Which of the lines below contain the string "shows"? Copy each one.

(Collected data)
---
lemma poly_mat_vec_synthetic_div:
  assumes T: "T \<in> mat_carrier R n" and v: "v \<in> vec_carrier R n" and x: "x \<in> carrier R"
  shows "set p \<subseteq> carrier R \<Longrightarrow> p \<noteq> [] \<Longrightarrow> poly_mat_vec R n T p v =
     vec_add R n (vec_add R n (mat_vec R n T (poly_mat_vec R n T (synthetic_div R x p) v))
        (vec_smult R n (\<ominus> x) (poly_mat_vec R n T (synthetic_div R x p) v))) (vec_smult R n (horner R p x) v)"
proof (induct p)
  case Nil then show ?case by simp
next
  case (Cons a p)
  have a: "a \<in> carrier R" using Cons.prems by simp
  show ?case
  proof (cases p)
    case Nil
    show ?thesis
    proof (rule vec_eqI[of _ R n])
      fix i assume i: "i < n"
      have vi: "v i \<in> carrier R" using vec_carrierD[OF v i] .
      show "poly_mat_vec R n T (a # p) v i = vec_add R n (vec_add R n (mat_vec R n T (poly_mat_vec R n T (synthetic_div R x (a # p)) v))
        (vec_smult R n (\<ominus> x) (poly_mat_vec R n T (synthetic_div R x (a # p)) v))) (vec_smult R n (horner R (a # p) x) v) i"
        using Nil i vi a x T by (simp add: mat_entry_simps mat_vec_zero)
    qed (use Nil a x T v in \<open>auto intro!: vec_closed_intros simp: mat_vec_zero\<close>)
  next
    case (Cons b q)
    have pc: "set (b#q) \<subseteq> carrier R" using Cons.prems \<open>p = b # q\<close> by auto
    define h where "h = horner R (b#q) x"
    define w' where "w' = poly_mat_vec R n T (synthetic_div R x (b#q)) v"
    have hc: "h \<in> carrier R" unfolding h_def using x pc by (rule horner_closed)
    have w'c: "w' \<in> vec_carrier R n" unfolding w'_def
      using T v synthetic_div_props[OF x pc] by (intro poly_mat_vec_closed) auto
    have IH: "poly_mat_vec R n T (b#q) v = vec_add R n (vec_add R n (mat_vec R n T w') (vec_smult R n (\<ominus> x) w')) (vec_smult R n h v)"
      using Cons.hyps Cons.prems \<open>p = b # q\<close> unfolding h_def w'_def by auto
    have lhs: "poly_mat_vec R n T (a # p) v = vec_add R n (vec_smult R n a v) (mat_vec R n T (poly_mat_vec R n T (b#q) v))"
      by (simp add: Cons)
    have w: "poly_mat_vec R n T (synthetic_div R x (a # p)) v = vec_add R n (vec_smult R n h v) (mat_vec R n T w')"
      by (simp add: Cons h_def w'_def)
    have hv: "horner R (a#p) x = a \<oplus> x \<otimes> h" by (simp add: Cons h_def)
    define Tw' where "Tw' = mat_vec R n T w'"
    define TTw' where "TTw' = mat_vec R n T Tw'"
    define Tv where "Tv = mat_vec R n T v"
    have c1: "Tw' \<in> vec_carrier R n" "TTw' \<in> vec_carrier R n" "Tv \<in> vec_carrier R n"
      unfolding Tw'_def TTw'_def Tv_def using T v w'c by (auto intro!: mat_vec_closed)
    have e1: "mat_vec R n T (vec_add R n (vec_add R n Tw' (vec_smult R n (\<ominus> x) w')) (vec_smult R n h v))
       = vec_add R n (vec_add R n TTw' (vec_smult R n (\<ominus> x) Tw')) (vec_smult R n h Tv)"
      using T v w'c c1 x hc unfolding TTw'_def Tw'_def Tv_def
      by (simp add: mat_vec_add mat_vec_smult vec_closed_intros)
    have e2: "mat_vec R n T (vec_add R n (vec_smult R n h v) Tw') = vec_add R n (vec_smult R n h Tv) TTw'"
      using T v w'c c1 x hc unfolding TTw'_def Tw'_def Tv_def
      by (simp add: mat_vec_add mat_vec_smult vec_closed_intros)
    have "poly_mat_vec R n T (a # p) v = vec_add R n (vec_smult R n a v) (vec_add R n (vec_add R n TTw' (vec_smult R n (\<ominus> x) Tw')) (vec_smult R n h Tv))"
      unfolding lhs IH using e1 by (simp add: Tw'_def)
    also have "\<dots> = vec_add R n (vec_add R n (vec_add R n (vec_smult R n h Tv) TTw')
        (vec_smult R n (\<ominus> x) (vec_add R n (vec_smult R n h v) Tw'))) (vec_smult R n (a \<oplus> x \<otimes> h) v)"
    proof (rule vec_eqI[of _ R n])
      fix i assume i: "i < n"
      have ci: "v i \<in> carrier R" "Tw' i \<in> carrier R" "TTw' i \<in> carrier R" "Tv i \<in> carrier R" "w' i \<in> carrier R"
        using i v c1 w'c by (auto intro: vec_carrierD)
      show "vec_add R n (vec_smult R n a v) (vec_add R n (vec_add R n TTw' (vec_smult R n (\<ominus> x) Tw')) (vec_smult R n h Tv)) i =
        vec_add R n (vec_add R n (vec_add R n (vec_smult R n h Tv) TTw')
        (vec_smult R n (\<ominus> x) (vec_add R n (vec_smult R n h v) Tw'))) (vec_smult R n (a \<oplus> x \<otimes> h) v) i"
        using i ci a x hc by (simp add: mat_entry_simps) algebra
    qed (use a x hc v c1 w'c in \<open>auto intro!: vec_closed_intros\<close>)
    also have "\<dots> = vec_add R n (vec_add R n (mat_vec R n T (poly_mat_vec R n T (synthetic_div R x (a # p)) v))
        (vec_smult R n (\<ominus> x) (poly_mat_vec R n T (synthetic_div R x (a # p)) v))) (vec_smult R n (horner R (a # p) x) v)"
      unfolding w hv Tw'_def[symmetric] e2 by (rule refl)
    finally show ?thesis .
  qed
qed

lemma finsum_lessThan_Suc_shift:
  assumes "f \<in> {..<Suc L} \<rightarrow> carrier R"
  shows "(\<Oplus>i\<in>{..<Suc L}. f i) = f 0 \<oplus> (\<Oplus>i\<in>{..<L}. f (Suc i))"
proof (cases L)
  case 0
  then show ?thesis using assms by (simp add: lessThan_Suc)
next
  case (Suc L')
  have "(\<Oplus>i\<in>{..<Suc L}. f i) = (\<Oplus>i\<in>{..Suc L'}. f i)" using Suc by (simp add: lessThan_Suc_atMost)
  also have "\<dots> = (\<Oplus>i\<in>{..L'}. f (Suc i)) \<oplus> f 0"
    using assms Suc by (intro finsum_Suc2) (auto simp: lessThan_Suc_atMost)
  also have "\<dots> = f 0 \<oplus> (\<Oplus>i\<in>{..<L}. f (Suc i))"
    using assms Suc by (subst a_comm) (auto intro!: finsum_closed simp: lessThan_Suc_atMost)
  finally show ?thesis .
qed

lemma horner_eq_finsum:
  assumes x: "x \<in> carrier R"
  shows "set p \<subseteq> carrier R \<Longrightarrow> horner R p x = (\<Oplus>i\<in>{..<length p}. p ! i \<otimes> x [^] i)"
proof (induct p)
  case Nil then show ?case by simp
next
  case (Cons a q)
  have a: "a \<in> carrier R" and q: "set q \<subseteq> carrier R" using Cons.prems by auto
  have qi: "\<And>i. i < length q \<Longrightarrow> q ! i \<in> carrier R" using q nth_mem by blast
  have "horner R (a # q) x = a \<oplus> x \<otimes> (\<Oplus>i\<in>{..<length q}. q ! i \<otimes> x [^] i)" using Cons q by simp
  also have "\<dots> = a \<oplus> (\<Oplus>i\<in>{..<length q}. q ! i \<otimes> x [^] Suc i)"
  proof -
    have "x \<otimes> (\<Oplus>i\<in>{..<length q}. q ! i \<otimes> x [^] i) = (\<Oplus>i\<in>{..<length q}. x \<otimes> (q ! i \<otimes> x [^] i))"
      using x qi by (intro finsum_rdistr) auto
    also have "\<dots> = (\<Oplus>i\<in>{..<length q}. q ! i \<otimes> x [^] Suc i)"
      using x qi by (intro finsum_cong) (auto simp: m_ac)
    finally show ?thesis by simp
  qed
  also have "\<dots> = (\<Oplus>i\<in>{..<Suc (length q)}. (a # q) ! i \<otimes> x [^] i)"
  proof -
    have "\<And>i. i < Suc (length q) \<Longrightarrow> (a#q)!i \<in> carrier R" using a qi by (case_tac i) auto
    then show ?thesis using x a by (subst finsum_lessThan_Suc_shift) auto
  qed
  finally show ?case by simp
qed

end

context field
begin

lemma horner_has_root:
  assumes AC: "algebraically_closed R" and p: "set p \<subseteq> carrier R" and len: "length p \<ge> 2" and lst: "last p \<noteq> \<zero>"
  shows "\<exists>x\<in>carrier R. horner R p x = \<zero>"
proof -
  define L where "L = length p - 1"
  have L1: "L \<ge> 1" and lenL: "length p = Suc L" using len unfolding L_def by auto
  have pi: "\<And>i. i < length p \<Longrightarrow> p ! i \<in> carrier R" using p nth_mem by blast
  define a where "a = p ! L"
  have aL: "a = last p" unfolding a_def L_def using len by (subst last_conv_nth) auto
  have ac: "a \<in> carrier R" unfolding a_def using pi lenL by simp
  have au: "a \<in> Units R" using ac lst aL field_Units by auto
  define c where "c i = inv a \<otimes> p ! i" for i
  have cc: "c \<in> {..<L} \<rightarrow> carrier R" unfolding c_def using au pi lenL by auto
  obtain x where x: "x \<in> carrier R" and r: "x [^] L \<oplus> (\<Oplus>i\<in>{..<L}. c i \<otimes> x [^] i) = \<zero>"
    using AC L1 cc unfolding algebraically_closed_def by blast
  have "horner R p x = (\<Oplus>i\<in>{..L}. p ! i \<otimes> x [^] i)" using horner_eq_finsum[OF x p] lenL by (simp add: lessThan_Suc_atMost)
  also have "\<dots> = p ! L \<otimes> x [^] L \<oplus> (\<Oplus>i\<in>{..<L}. p ! i \<otimes> x [^] i)"
    using pi lenL x by (intro add.finprod_Suc3) auto
  also have "\<dots> = a \<otimes> (x [^] L \<oplus> (\<Oplus>i\<in>{..<L}. c i \<otimes> x [^] i))"
  proof -
    have "a \<otimes> (\<Oplus>i\<in>{..<L}. c i \<otimes> x [^] i) = (\<Oplus>i\<in>{..<L}. a \<otimes> (c i \<otimes> x [^] i))"
      using cc x ac by (intro finsum_rdistr) auto
    also have "\<dots> = (\<Oplus>i\<in>{..<L}. p ! i \<otimes> x [^] i)"
    proof -
      have "a \<otimes> (c i \<otimes> x [^] i) = p ! i \<otimes> x [^] i" if "i \<in> {..<L}" for i
      proof -
        have "p ! i \<in> carrier R" using that pi lenL by auto
        then show ?thesis
          unfolding c_def using au x by (simp add: m_assoc[symmetric] Units_r_inv Units_inv_closed Units_closed)
      qed
      then show ?thesis using pi lenL x by (intro finsum_cong) auto
    qed
    moreover have "(\<Oplus>i\<in>{..<L}. c i \<otimes> x [^] i) \<in> carrier R" using cc x by (intro finsum_closed) auto
    ultimately show ?thesis using ac x by (simp add: r_distr a_def)
  qed
  also have "\<dots> = \<zero>" using r ac by simp
  finally show ?thesis using x by blast
qed

end

context cring
begin

lemma mat_vec_iter_closed: "T \<in> mat_carrier R n \<Longrightarrow> x \<in> vec_carrier R n \<Longrightarrow> (mat_vec R n T ^^ k) x \<in> vec_carrier R n"
  by (induct k) (auto intro: mat_vec_closed)

lemma mat_vec_iter_smult: "T \<in> mat_carrier R n \<Longrightarrow> x \<in> vec_carrier R n \<Longrightarrow> a \<in> carrier R \<Longrightarrow>
   (mat_vec R n T ^^ k) (vec_smult R n a x) = vec_smult R n a ((mat_vec R n T ^^ k) x)"
  by (induct k) (auto simp: mat_vec_smult mat_vec_iter_closed)

lemma poly_mat_vec_const: "v \<in> vec_carrier R n \<Longrightarrow> T \<in> mat_carrier R n \<Longrightarrow> a \<in> carrier R \<Longrightarrow> poly_mat_vec R n T [a] v = vec_smult R n a v"
  by (rule vec_eqI[of _ R n]) (auto simp: mat_entry_simps mat_vec_zero intro!: vec_closed_intros dest: vec_carrierD)

lemma poly_mat_vec_append:
  assumes T: "T \<in> mat_carrier R n" and v: "v \<in> vec_carrier R n" and q: "set q \<subseteq> carrier R"
  shows "set p \<subseteq> carrier R \<Longrightarrow> poly_mat_vec R n T (p @ q) v = vec_add R n (poly_mat_vec R n T p v) ((mat_vec R n T ^^ length p) (poly_mat_vec R n T q v))"
proof (induct p)
  case Nil
  have hq: "poly_mat_vec R n T q v \<in> vec_carrier R n" using T v q by (rule poly_mat_vec_closed)
  show ?case
    by (rule vec_eqI[of _ R n]) (use hq in \<open>auto simp: mat_entry_simps intro!: vec_closed_intros dest: vec_carrierD\<close>)
next
  case (Cons a p)
  have a: "a \<in> carrier R" and pc: "set p \<subseteq> carrier R" using Cons.prems by auto
  have hq: "poly_mat_vec R n T q v \<in> vec_carrier R n" using T v q by (rule poly_mat_vec_closed)
  have hp: "poly_mat_vec R n T p v \<in> vec_carrier R n" using T v pc by (rule poly_mat_vec_closed)
  define y where "y = (mat_vec R n T ^^ length p) (poly_mat_vec R n T q v)"
  have yc: "y \<in> vec_carrier R n" unfolding y_def using T hq by (rule mat_vec_iter_closed)
  have "poly_mat_vec R n T ((a # p) @ q) v = vec_add R n (vec_smult R n a v) (vec_add R n (mat_vec R n T (poly_mat_vec R n T p v)) (mat_vec R n T y))"
    using Cons pc T hp yc by (simp add: mat_vec_add y_def)
  also have "\<dots> = vec_add R n (vec_add R n (vec_smult R n a v) (mat_vec R n T (poly_mat_vec R n T p v))) (mat_vec R n T y)"
  proof (rule vec_eqI[of _ R n])
    fix i assume i: "i < n"
    have "v i \<in> carrier R" "mat_vec R n T (poly_mat_vec R n T p v) i \<in> carrier R" "mat_vec R n T y i \<in> carrier R"
      using i v T hp yc by (auto intro!: vec_carrierD[of _ R n] mat_vec_closed)
    then show "vec_add R n (vec_smult R n a v) (vec_add R n (mat_vec R n T (poly_mat_vec R n T p v)) (mat_vec R n T y)) i =
      vec_add R n (vec_add R n (vec_smult R n a v) (mat_vec R n T (poly_mat_vec R n T p v))) (mat_vec R n T y) i"
      using i a by (simp add: mat_entry_simps a_assoc)
  qed (use a v T hp yc in \<open>auto intro!: vec_closed_intros\<close>)
  also have "\<dots> = vec_add R n (poly_mat_vec R n T (a # p) v) ((mat_vec R n T ^^ length (a # p)) (poly_mat_vec R n T q v))"
    by (simp add: y_def)
  finally show ?case .
qed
---
■ **Output for this task**:
  shows "set p \<subseteq> carrier R \<Longrightarrow> p \<noteq> [] \<Longrightarrow> poly_mat_vec R n T p v =
  shows "(\<Oplus>i\<in>{..<Suc L}. f i) = f 0 \<oplus> (\<Oplus>i\<in>{..<L}. f (Suc i))"
  shows "set p \<subseteq> carrier R \<Longrightarrow> horner R p x = (\<Oplus>i\<in>{..<length p}. p ! i \<otimes> x [^] i)"
  shows "\<exists>x\<in>carrier R. horner R p x = \<zero>"
  shows "set p \<subseteq> carrier R \<Longrightarrow> poly_mat_vec R n T (p @ q) v = vec_add R n (poly_mat_vec R n T p v) ((mat_vec R n T ^^ length p) (poly_mat_vec R n T q v))"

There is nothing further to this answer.